• ASSIGNED TASK
Your task is to copy every line below that contains the word "split".

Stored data
•••

lemma bump_pad_ge2:
  assumes "2 \<le> c"
  shows "bump c (pad k \<gamma>) = map_option (pad k) (box_op c \<gamma>)"
proof -
  have off: "pad k \<gamma> ! i = c - 1 \<longleftrightarrow> k \<le> i \<and> \<gamma> ! (i - k) = c - 1"
    if "i < length (pad k \<gamma>)" for i
    using assms that by (auto simp: pad_def nth_append)
  show ?thesis
  proof (cases "\<exists>i<length \<gamma>. \<gamma> ! i = c - 1")
    case False
    with off assms show ?thesis by (auto simp: bump_def box_op_def pad_def)
  next
    case True
    define l where "l = (LEAST i. i < length \<gamma> \<and> \<gamma> ! i = c - 1)"
    have l: "l < length \<gamma>" "\<gamma> ! l = c - 1" "\<And>i. i < length \<gamma> \<Longrightarrow> \<gamma> ! i = c - 1 \<Longrightarrow> l \<le> i"
      using LeastI_ex[OF True] Least_le[of "\<lambda>i. i < length \<gamma> \<and> \<gamma> ! i = c - 1"]
      unfolding l_def by auto
    have "(LEAST i. i < length (pad k \<gamma>) \<and> pad k \<gamma> ! i = c - 1) = k + l"
    proof (rule Least_equality)
      show "k + l < length (pad k \<gamma>) \<and> pad k \<gamma> ! (k + l) = c - 1"
        using l by (simp add: pad_def nth_append)
      show "k + l \<le> y" if "y < length (pad k \<gamma>) \<and> pad k \<gamma> ! y = c - 1" for y
      proof -
        from that off[of y] have "k \<le> y" "y - k < length \<gamma>" "\<gamma> ! (y - k) = c - 1"
          by (auto simp: pad_def)
        then show ?thesis using l(3)[of "y - k"] by linarith
      qed
    qed
    moreover have "(pad k \<gamma>)[k + l := c] = pad k (\<gamma>[l := c])"
      by (simp add: pad_def list_update_append)
    moreover have "\<exists>i<length (pad k \<gamma>). pad k \<gamma> ! i = c - 1"
      using l by (auto simp: pad_def nth_append intro!: exI[of _ "k + l"])
    ultimately show ?thesis using True assms by (simp add: bump_def box_op_def Let_def l_def)
  qed
qed

lemma bump_pad:
  assumes "is_composition \<gamma>" "1 \<le> c"
  shows "bump c (pad k \<gamma>) = (case box_op c \<gamma> of None \<Rightarrow> None
     | Some \<gamma>' \<Rightarrow> if c = 1 \<and> k = 0 then None else Some (pad (if c = 1 then k - 1 else k) \<gamma>'))"
proof (cases "c = 1")
  case True
  then show ?thesis using bump_one_pad[OF assms(1)] by (simp add: box_op_def)
next
  case False
  then show ?thesis using bump_pad_ge2[of c] assms(2) by (cases "box_op c \<gamma>") auto
qed

lemma bumps_pad:
  assumes "is_composition \<gamma>" "\<forall>c\<in>set cs. 1 \<le> c"
  shows "bumps cs (pad k \<gamma>) = (case word_act (rev cs) \<gamma> of None \<Rightarrow> None
     | Some \<gamma>' \<Rightarrow> if count_list cs 1 \<le> k then Some (pad (k - count_list cs 1) \<gamma>') else None)"
  using assms
proof (induction cs arbitrary: k \<gamma>)
  case (Cons c cs)
  show ?case
  proof (cases "box_op c \<gamma>")
    case None
    then show ?thesis using bump_pad[OF Cons.prems(1), of c k] Cons.prems
      by (simp add: word_act_snoc)
  next
    case (Some \<gamma>1)
    have "is_composition \<gamma>1" using box_op_composition[OF Cons.prems(1) Some] by simp
    note IH = Cons.IH[OF this, of "if c = 1 then k - 1 else k"]
    show ?thesis using bump_pad[OF Cons.prems(1), of c k] Cons.prems Some IH
      by (auto simp: word_act_snoc split: option.splits)
  qed
qed (simp add: word_act_def)

lemma word_act_rev_composition:
  "is_composition \<gamma> \<Longrightarrow> word_act (rev cs) \<gamma> = Some \<gamma>' \<Longrightarrow>
    is_composition \<gamma>' \<and> length \<gamma>' = length \<gamma> + count_list cs 1"
proof (induction cs arbitrary: \<gamma>)
  case Nil then show ?case by (simp add: word_act_def)
next
  case (Cons c cs)
  then obtain \<gamma>1 where "box_op c \<gamma> = Some \<gamma>1" "word_act (rev cs) \<gamma>1 = Some \<gamma>'"
    by (cases "box_op c \<gamma>") (auto simp: word_act_snoc)
  then show ?case using box_op_composition[OF Cons.prems(1)] Cons.IH by fastforce
qed

lemma word_act_iff_bumps:
  assumes "is_composition \<alpha>" "is_composition \<beta>" "length \<alpha> \<le> length \<beta>" "\<forall>c\<in>set w. 1 \<le> c"
  shows "word_act w \<alpha> = Some \<beta> \<longleftrightarrow> bumps (rev w) (pad (length \<beta> - length \<alpha>) \<alpha>) = Some \<beta>"
proof
  assume "word_act w \<alpha> = Some \<beta>"
  moreover from this have "length \<beta> = length \<alpha> + count_list (rev w) 1"
    using word_act_rev_composition[OF assms(1), of "rev w"] by simp
  ultimately show "bumps (rev w) (pad (length \<beta> - length \<alpha>) \<alpha>) = Some \<beta>"
    using bumps_pad[OF assms(1), of "rev w"] assms(4) by (simp add: pad_def)
next
  assume "bumps (rev w) (pad (length \<beta> - length \<alpha>) \<alpha>) = Some \<beta>"
  then obtain \<gamma>' where \<gamma>': "word_act w \<alpha> = Some \<gamma>'"
    "\<beta> = pad (length \<beta> - length \<alpha> - count_list w 1) \<gamma>'"
    using bumps_pad[OF assms(1), of "rev w"] assms(4) by (auto split: option.splits if_splits)
  define m where "m = length \<beta> - length \<alpha> - count_list w 1"
  \<comment> \<open>leftover zero padding would be a zero part of \<open>\<beta>\<close>\<close>
  have "m = 0"
  proof (rule ccontr)
    assume "m \<noteq> 0"
    moreover have "\<beta> = pad m \<gamma>'" using \<gamma>'(2) m_def by simp
    ultimately have "\<beta> ! 0 = 0" "\<beta> \<noteq> []" by (simp_all add: pad_def nth_append)
    then show False using assms(2) nth_mem[of 0 \<beta>] by (auto simp: is_composition_def)
  qed
  then show "word_act w \<alpha> = Some \<beta>" using \<gamma>' m_def by (simp add: pad_def)
qed

section \<open>An invariant of the composition order\<close>

definition aligned :: "nat list \<Rightarrow> nat list \<Rightarrow> nat list" where
  "aligned \<alpha> \<gamma> = pad (length \<gamma> - length \<alpha>) \<alpha>"

text \<open>Besides containment of the bottom-justified \<open>\<alpha>\<close> in \<open>\<gamma>\<close>, the invariant says that a box of
  \<open>\<gamma>//\<alpha>\<close> in column \<open>j \<ge> 2\<close> never lies below a row of length \<open>j - 1\<close> that belongs
  entirely to \<open>\<alpha>\<close>: covers preserve this because a box in column \<open>j\<close> is always added to the
  topmost row of length \<open>j - 1\<close>.\<close>

definition shape_inv :: "nat list \<Rightarrow> nat list \<Rightarrow> bool" where
  "shape_inv \<alpha> \<gamma> \<longleftrightarrow> is_composition \<gamma> \<and> length \<alpha> \<le> length \<gamma> \<and>
     (\<forall>i<length \<gamma>. aligned \<alpha> \<gamma> ! i \<le> \<gamma> ! i) \<and>
     (\<forall>r j x. r < length \<gamma> \<and> aligned \<alpha> \<gamma> ! r < j \<and> j \<le> \<gamma> ! r \<and> 2 \<le> j \<and> x < r \<longrightarrow>
        \<not> (aligned \<alpha> \<gamma> ! x = j - 1 \<and> \<gamma> ! x = j - 1))"

lemma shape_inv_refl: "is_composition \<alpha> \<Longrightarrow> shape_inv \<alpha> \<alpha>"
  by (auto simp: shape_inv_def aligned_def pad_def)

lemma shape_inv_Cons_one:
  assumes "shape_inv \<alpha> \<gamma>"
  shows "shape_inv \<alpha> (1 # \<gamma>)"
proof -
  have P: "aligned \<alpha> (1 # \<gamma>) = 0 # aligned \<alpha> \<gamma>"
    using assms by (simp add: shape_inv_def aligned_def pad_def Suc_diff_le)
  have "\<not> (aligned \<alpha> (1 # \<gamma>) ! x = j - 1 \<and> (1 # \<gamma>) ! x = j - 1)"
    if "r < Suc (length \<gamma>)" "aligned \<alpha> (1 # \<gamma>) ! r < j" "j \<le> (1 # \<gamma>) ! r" "2 \<le> j" "x < r"
    for r j x
    using that assms P unfolding shape_inv_def
    by (cases r; cases x) auto
  moreover have "aligned \<alpha> (1 # \<gamma>) ! i \<le> (1 # \<gamma>) ! i" if "i < Suc (length \<gamma>)" for i
    using that assms P by (cases i) (auto simp: shape_inv_def)
  ultimately show ?thesis using assms by (auto simp: shape_inv_def is_composition_def)
qed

•••

• TASK RESULT
      by (auto simp: word_act_snoc split: option.splits)
    using bumps_pad[OF assms(1), of "rev w"] assms(4) by (auto split: option.splits if_splits)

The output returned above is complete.